Tornati in porto salimmo sulla Daunia e andammo a riposarci a poppa sulle panche, stanchi ma felici. Poco dopo la nave partì e più tardi un altoparlante cominciò a trasmettere musica ballabile. Noi quattro non perdemmo tempo a lanciarci nelle danze, seguiti dallo sguardo incuriosito degli altri viaggiatori. A un certo punto Ivonne, scorgendo in lontananza il comandante della nave, si precipitò verso di lui, lo prese per un braccio, forzatamente lo trascinò nell’improvvisata balera e, abbracciatolo, si lanciò in un prolungato, avvincente e peccaminoso tango con caskè. A quella vista le altre donne fremettero con un brivido e un sussulto, e tutte quante vollero avere il privilegio di un ballo col malcapitato comandante.
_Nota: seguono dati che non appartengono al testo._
lemma quadratic_form_adj:
  assumes G: "G \<subseteq> edge_slots n"
  shows "(\<Sum>i<n. \<Sum>j<n. x i * adj G i j * x j) = 2 * edge_sum G x"
proof -
  define Bx where "Bx = {..<n} \<times> {..<n}"
  have finB: "finite Bx" by (simp add: Bx_def)
  have GB: "G \<subseteq> Bx" using G edge_slots_subset unfolding Bx_def by blast
  define f where "f e = x (fst e) * x (snd e)" for e
  have adj_split: "adj G i j = (if (i,j) \<in> G then 1 else 0) + (if (j,i) \<in> G then 1 else 0)" for i j
  proof -
    have "\<not> ((i,j) \<in> G \<and> (j,i) \<in> G)"
    proof
      assume "(i,j) \<in> G \<and> (j,i) \<in> G"
      then have "(i,j) \<in> edge_slots n" "(j,i) \<in> edge_slots n" using G by auto
      then show False by (simp add: edge_slots_def)
    qed
    then show ?thesis by (auto simp: adj_def)
  qed
  have "(\<Sum>i<n. \<Sum>j<n. x i * adj G i j * x j) = (\<Sum>e\<in>Bx. x (fst e) * adj G (fst e) (snd e) * x (snd e))"
    unfolding Bx_def by (simp add: sum.cartesian_product split_def)
  also have "\<dots> = (\<Sum>e\<in>Bx. if e \<in> G then f e else 0) + (\<Sum>e\<in>Bx. if (snd e, fst e) \<in> G then f e else 0)"
    unfolding sum.distrib[symmetric] by (intro sum.cong refl) (auto simp: adj_split f_def)
  also have "(\<Sum>e\<in>Bx. if e \<in> G then f e else 0) = sum f G"
    using GB sum.inter_restrict[OF finB, of f G] by (simp add: Int_absorb1)
  also have "(\<Sum>e\<in>Bx. if (snd e, fst e) \<in> G then f e else 0) = (\<Sum>e\<in>Bx. if e \<in> G then f e else 0)"
    by (rule sum.reindex_bij_witness[where i = "\<lambda>(a,b). (b,a)" and j = "\<lambda>(a,b). (b,a)"])
       (auto simp: Bx_def f_def)
  also have "\<dots> = sum f G"
    using GB sum.inter_restrict[OF finB, of f G] by (simp add: Int_absorb1)
  finally show ?thesis by (simp add: edge_sum_def f_def)
qed

lemma adj_edge_slots: "i < n \<Longrightarrow> j < n \<Longrightarrow> adj (edge_slots n) i j = (if i = j then 0 else 1)"
  by (auto simp: adj_def edge_slots_def)

lemma edge_sum_edge_slots: "2 * edge_sum (edge_slots n) x = (spin_sum n x)^2 - (\<Sum>i<n. (x i)^2)"
proof -
  have "2 * edge_sum (edge_slots n) x = (\<Sum>i<n. \<Sum>j<n. x i * adj (edge_slots n) i j * x j)"
    by (simp add: quadratic_form_adj)
  also have "\<dots> = (\<Sum>i<n. (\<Sum>j<n. x i * x j) - x i * x i)"
  proof (intro sum.cong refl)
    fix i assume i: "i \<in> {..<n}"
    have "(\<Sum>j<n. x i * adj (edge_slots n) i j * x j) = (\<Sum>j<n. x i * x j - (if i = j then x i * x j else 0))"
      using i by (intro sum.cong refl) (auto simp: adj_edge_slots)
    also have "\<dots> = (\<Sum>j<n. x i * x j) - x i * x i"
      using i by (simp add: sum_subtractf)
    finally show "(\<Sum>j<n. x i * adj (edge_slots n) i j * x j) = (\<Sum>j<n. x i * x j) - x i * x i" .
  qed
  also have "\<dots> = (spin_sum n x)^2 - (\<Sum>i<n. (x i)^2)"
    by (simp add: sum_subtractf spin_sum_def power2_eq_square sum_product)
  finally show ?thesis .
qed

lemma card_edge_slots: "2 * real (card (edge_slots n)) = real n * (real n - 1)"
proof -
  have "2 * edge_sum (edge_slots n) (\<lambda>_. 1) = real n * (real n - 1)"
    using edge_sum_edge_slots[of n "\<lambda>_. 1"] by (simp add: spin_sum_def power2_eq_square algebra_simps)
  then show ?thesis by (simp add: edge_sum_def)
qed

lemma edge_sum_edge_slots_spins: "x \<in> spins n \<Longrightarrow> 2 * edge_sum (edge_slots n) x = (spin_sum n x)^2 - real n"
proof -
  assume x: "x \<in> spins n"
  have "(\<Sum>i<n. (x i)^2) = (\<Sum>i<n. 1)" using spins_value[OF x] by (intro sum.cong refl) force
  then show ?thesis using edge_sum_edge_slots[of n x] by simp
qed

lemma sum_er_pmf_prod:
  fixes w :: "nat \<times> nat \<Rightarrow> real"
  shows "(\<Sum>G\<in>Pow (edge_slots n). er_pmf n p G * (\<Prod>e\<in>G. w e)) = (\<Prod>e\<in>edge_slots n. p * w e + (1 - p))"
proof -
  have "(\<Prod>e\<in>edge_slots n. p * w e + (1 - p)) = (\<Sum>X\<in>Pow (edge_slots n). (\<Prod>e\<in>X. p * w e) * (\<Prod>e\<in>edge_slots n - X. 1 - p))"
    by (rule prod_add) simp
  also have "\<dots> = (\<Sum>G\<in>Pow (edge_slots n). er_pmf n p G * (\<Prod>e\<in>G. w e))"
  proof (intro sum.cong refl)
    fix X assume X: "X \<in> Pow (edge_slots n)"
    have "card (edge_slots n - X) = card (edge_slots n) - card X"
      using X by (intro card_Diff_subset) (auto intro: finite_subset)
    then show "(\<Prod>e\<in>X. p * w e) * (\<Prod>e\<in>edge_slots n - X. 1 - p) = er_pmf n p X * (\<Prod>e\<in>X. w e)"
      by (simp add: er_pmf_def prod.distrib)
  qed
  finally show ?thesis by simp
qed

lemma sum_er_pmf: "(\<Sum>G\<in>Pow (edge_slots n). er_pmf n p G) = 1"
  using sum_er_pmf_prod[of n p "\<lambda>_. 1"] by simp

lemma er_pmf_nonneg: "0 \<le> p \<Longrightarrow> p \<le> 1 \<Longrightarrow> 0 \<le> er_pmf n p G"
  by (simp add: er_pmf_def)


lemma er_mgf_edge_sum_le:
  assumes x: "x \<in> spins n" and c: "\<bar>c\<bar> \<le> 1" and p: "0 \<le> p" "p \<le> 1"
  shows "(\<Sum>G\<in>Pow (edge_slots n). er_pmf n p G * exp (c * edge_sum G x))
         \<le> exp (p * c * ((spin_sum n x)^2 - real n) / 2 + p * c^2 * real n * (real n - 1) / 2)"
proof -
  define u where "u e = c * (x (fst e) * x (snd e))" for e
  have u_sq: "(u e)^2 = c^2" and u_abs: "\<bar>u e\<bar> \<le> 1" if "e \<in> edge_slots n" for e
  proof -
    have "fst e < n" "snd e < n" using that by (auto simp: edge_slots_def)
    then have "u e = c \<or> u e = - c"
      using spins_value[OF x, of "fst e"] spins_value[OF x, of "snd e"] by (auto simp: u_def)
    then show "(u e)^2 = c^2" "\<bar>u e\<bar> \<le> 1" using c by auto
  qed
  have "exp (c * edge_sum G x) = (\<Prod>e\<in>G. exp (u e))" if "G \<in> Pow (edge_slots n)" for G
    using that finite_subset[OF _ finite_edge_slots, of G]
    by (simp add: u_def edge_sum_def sum_distrib_left exp_sum)
  then have "(\<Sum>G\<in>Pow (edge_slots n). er_pmf n p G * exp (c * edge_sum G x))
      = (\<Sum>G\<in>Pow (edge_slots n). er_pmf n p G * (\<Prod>e\<in>G. exp (u e)))"
    by (intro sum.cong) auto
  also have "\<dots> = (\<Prod>e\<in>edge_slots n. p * exp (u e) + (1 - p))"
    by (rule sum_er_pmf_prod)
  also have "\<dots> \<le> (\<Prod>e\<in>edge_slots n. exp (p * u e + p * c^2))"
  proof (intro prod_mono conjI)
    fix e assume "e \<in> edge_slots n"
    then show "p * exp (u e) + (1 - p) \<le> exp (p * u e + p * c^2)"
      using bernoulli_mgf_le[OF u_abs p(1)] u_sq by simp
  qed (use p in simp)
  also have "\<dots> = exp (\<Sum>e\<in>edge_slots n. p * u e + p * c^2)"
    by (simp add: exp_sum)
  also have "\<dots> = exp (p * c * edge_sum (edge_slots n) x + real (card (edge_slots n)) * p * c^2)"
    by (simp add: sum.distrib u_def edge_sum_def sum_distrib_left mult.assoc)
  also have "\<dots> = exp (p * c * ((spin_sum n x)^2 - real n) / 2 + p * c^2 * real n * (real n - 1) / 2)"
  proof -
    have E: "edge_sum (edge_slots n) x = ((spin_sum n x)^2 - real n) / 2"
      and C: "real (card (edge_slots n)) = real n * (real n - 1) / 2"
      using edge_sum_edge_slots_spins[OF x] card_edge_slots[of n] by simp_all
    show ?thesis unfolding E C by (simp add: field_simps)
  qed
  finally show ?thesis .
qed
Alla fine il pover’uomo, tutto sudato e sfibrato per mancanza di allenamonto, dovette ancora soddisfare le brame di Hannelore.

La nave stava silenziosamente scivolando verso il ritorno e già si scorgeva in lontananza la costa. Il sole lentamente tramontava ma… le due "panze", quella di Hannelore e l’altra dell’abbondanza del suo ballerino, erano ancora avvinghiate nelle spirali di una vorticosa polka.

Non sono piò tornato alle Tremiti. Ho voluto ricordarle così, come quel giorno!